Испуганная Катя бросилась помогать ему, но из этого ничего не получилось. А Оля хохотала так, что на глазах у нее выступили слезы.
– Может, разрезать? – посоветовала Нина.
Леня повернул голову на ее голос, но Катя запротестовала, заявив, что кепка ведь совсем новая…
Наконец, общими усилиями Леня был освобожден. И, взглянув на его красное, растерянное лицо, Нина тоже засмеялась, а за ней засмеялись Оксана и Катя, а потом и сам Леня, – ибо что ему оставалось делать?..
Уже в два часа дня бассейн для фонтана был выкопан, траншеи прорыты и вся земля отнесена в сторону. Нине даже не верилось, что за такой короткий срок можно было столько сделать. Не верилось и потому, что она почти не устала. Теперь она подумала, как приятно ей будет через два-три года прийти сюда с детьми – посидеть у фонтана.

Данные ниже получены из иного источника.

lemma dynamic_4_coloring_on_induced_subset:
  assumes c: "dynamic_4_coloring_on S' (induced S' E) c U" and "S \<subseteq> S'" "U' \<subseteq> U" "U' \<subseteq> S"
    and nbrs: "\<And>u z. u \<in> U' \<Longrightarrow> E u z \<Longrightarrow> z \<in> S' \<Longrightarrow> z \<in> S"
  shows "dynamic_4_coloring_on S (induced S E) c U'"
  unfolding dynamic_4_coloring_on_def proper_coloring_def
proof (intro conjI ballI impI)
  show "c v < 4" if "v \<in> S" for v using dynamic_4_coloring_onD(1)[OF c] that assms(2) by blast
  show "c u \<noteq> c v" if "u \<in> S" "v \<in> S" "induced S E u v" for u v
    using dynamic_4_coloring_onD(2)[OF c] that assms(2) by (auto simp: induced_def)
  show "happy S (induced S E) c u" if u: "u \<in> U'" for u
  proof (rule happy_cong[OF dynamic_4_coloring_onD(3)[OF c]])
    show "u \<in> U" using u assms(3) by blast
    show "neighbors S (induced S E) u = neighbors S' (induced S' E) u"
      using u nbrs assms(2,4) by (auto simp: neighbors_def induced_def)
  qed simp
qed

definition color_perm :: "(nat \<Rightarrow> nat) \<Rightarrow> bool" where
  "color_perm p \<longleftrightarrow> inj_on p {..<4} \<and> p ` {..<4} \<subseteq> {..<4}"

lemma dynamic_4_coloring_on_perm:
  assumes c: "dynamic_4_coloring_on H F c U" and p: "color_perm p"
  shows "dynamic_4_coloring_on H F (p \<circ> c) U"
proof -
  have same: "p (c u) = p (c v) \<longleftrightarrow> c u = c v" if "u \<in> H" "v \<in> H" for u v
    using p dynamic_4_coloring_onD(1)[OF c] that by (auto simp: color_perm_def inj_on_def)
  show ?thesis unfolding dynamic_4_coloring_on_def proper_coloring_def
  proof (intro conjI ballI impI)
    show "(p \<circ> c) v < 4" if "v \<in> H" for v
      using p dynamic_4_coloring_onD(1)[OF c that] by (auto simp: color_perm_def)
    show "(p \<circ> c) u \<noteq> (p \<circ> c) v" if "u \<in> H" "v \<in> H" "F u v" for u v
      using same that dynamic_4_coloring_onD(2)[OF c] by simp
    show "happy H F (p \<circ> c) v" if "v \<in> U" for v
      using dynamic_4_coloring_onD(3)[OF c that] same unfolding happy_def neighbors_def by auto
  qed
qed

lemma lessThan_4: "{..<4::nat} = {0, 1, 2, 3}"
  by auto

lemma color_perm_swap: "a < 4 \<Longrightarrow> b < 4 \<Longrightarrow> color_perm (id(a := b, b := a))"
  by (auto simp: color_perm_def inj_on_def)

lemma color_perm_comp: "color_perm p \<Longrightarrow> color_perm q \<Longrightarrow> color_perm (p \<circ> q)"
  by (auto simp: color_perm_def intro: comp_inj_on inj_on_subset)

lemma color_perm_to_0: "a < 4 \<Longrightarrow> \<exists>p. color_perm p \<and> p a = 0"
  using color_perm_swap[of a 0] by force

lemma color_perm_to_01:
  assumes "a < 4" "b < 4" "a \<noteq> b"
  shows "\<exists>p. color_perm p \<and> p a = 0 \<and> p b = 1"
proof -
  define q where "q = id(a := 0, 0 := a)"
  have q: "color_perm q" "q a = 0" "q b \<noteq> 0" "q b < 4"
    using assms color_perm_swap[of a 0] by (auto simp: q_def)
  define r where "r = id(q b := 1, 1 := q b)"
  have "color_perm (r \<circ> q)" using q color_perm_swap[of "q b" 1] by (auto simp: r_def intro: color_perm_comp)
  moreover have "(r \<circ> q) a = 0" "(r \<circ> q) b = 1" using q by (auto simp: r_def)
  ultimately show ?thesis by blast
qed

lemma color_perm_to_012:
  assumes "a < 4" "b < 4" "d < 4" "a \<noteq> b" "a \<noteq> d" "b \<noteq> d"
  shows "\<exists>p. color_perm p \<and> p a = 0 \<and> p b = 1 \<and> p d = 2"
proof -
  obtain q where q: "color_perm q" "q a = 0" "q b = 1" using color_perm_to_01 assms by blast
  have "inj_on q {..<4}" "q d < 4" using q(1) assms(3) by (auto simp: color_perm_def)
  then have qd: "q d < 4" "q d \<noteq> 0" "q d \<noteq> 1"
    using q(2,3) assms by (metis inj_on_contraD lessThan_iff)+
  define r where "r = id(q d := 2, 2 := q d)"
  have "color_perm (r \<circ> q)" using q qd color_perm_swap[of "q d" 2] by (auto simp: r_def intro: color_perm_comp)
  moreover have "(r \<circ> q) a = 0" "(r \<circ> q) b = 1" "(r \<circ> q) d = 2" using q qd by (auto simp: r_def)
  ultimately show ?thesis by blast
qed

lemma color_perm_normalize_012:
  assumes c: "dynamic_4_coloring_on S F c U" and "x \<in> S" "y \<in> S" "w \<in> S"
    and "c x \<noteq> c y" "c x \<noteq> c w" "c y \<noteq> c w"
  shows "\<exists>d. dynamic_4_coloring_on S F d U \<and> d x = 0 \<and> d y = 1 \<and> d w = 2"
proof -
  obtain p where "color_perm p" "p (c x) = 0" "p (c y) = 1" "p (c w) = 2"
    using color_perm_to_012 dynamic_4_coloring_onD(1)[OF c] assms(2-7) by metis
  then show ?thesis using dynamic_4_coloring_on_perm[OF c] by (intro exI[of _ "p \<circ> c"]) simp
qed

– Знаете что, давайте пройдемся к реке! – предложила Оксана.
Катя и Оля охотно поддержали ее.
– Пошли, Ниночка!..
Нина колебалась – нужно идти укладывать Галочку спать. Но сегодня у нее было такое настроение, такой особенный день, что хотелось провести его как-то иначе. И она, взглянув на веселую, совсем не сонную Галочку, согласилась пойти вместе с подругами.
За городом было еще больше простора и воздух казался еще более чистым. Далеко-далеко протянулись луга, серебристо блестела река, а на горизонте пламенели леса, обожженные осенью.
Они шли по высокой дамбе, которая защищала город от весеннего паводка и одновременно служила дорогой к реке. Этой весной вешние воды снесли дамбу, ее снова построили, и между большими, редко положенными камнями проросла густая трава. Сейчас дамба была совершенно пустынна и имела такой вид, славно по ней никогда не проезжали машины, не громыхали колеса подвод, не цокали копыта лошадей. Ласковое солнце, зеленая и сочная трава, весь этот чудесный простор почему-то напомнили Нине далекую весну. Ей захотелось в легоньком платьице с тонкой косынкой на шее бежать по лугам, сверкая загорелыми коленями, придерживая рукой трепещущую косынку, как это было когда-то…
Когда они, возвращаясь домой, проходили мимо сквера, Галочка неожиданно потребовала:
– Хочу на детскую площадку!
– Сначала пообедаем, тогда пойдем, – пообещала Нина и обратилась к своим спутницам: —Оксана, Катя, Оля, пошли ко мне обедать! А потом – в сквер, хорошо?
– Я бы с охотой, но меня ждут мои, – ответила Оксана. – Пусть Катя с Олей идут.
Но у каждой были свои дела, и они отказались.
– Так вы хоть в сквер приходите. Ну, пожалуйста! – уговаривала их Нина, которой не хотелось расставаться ни с одной из них.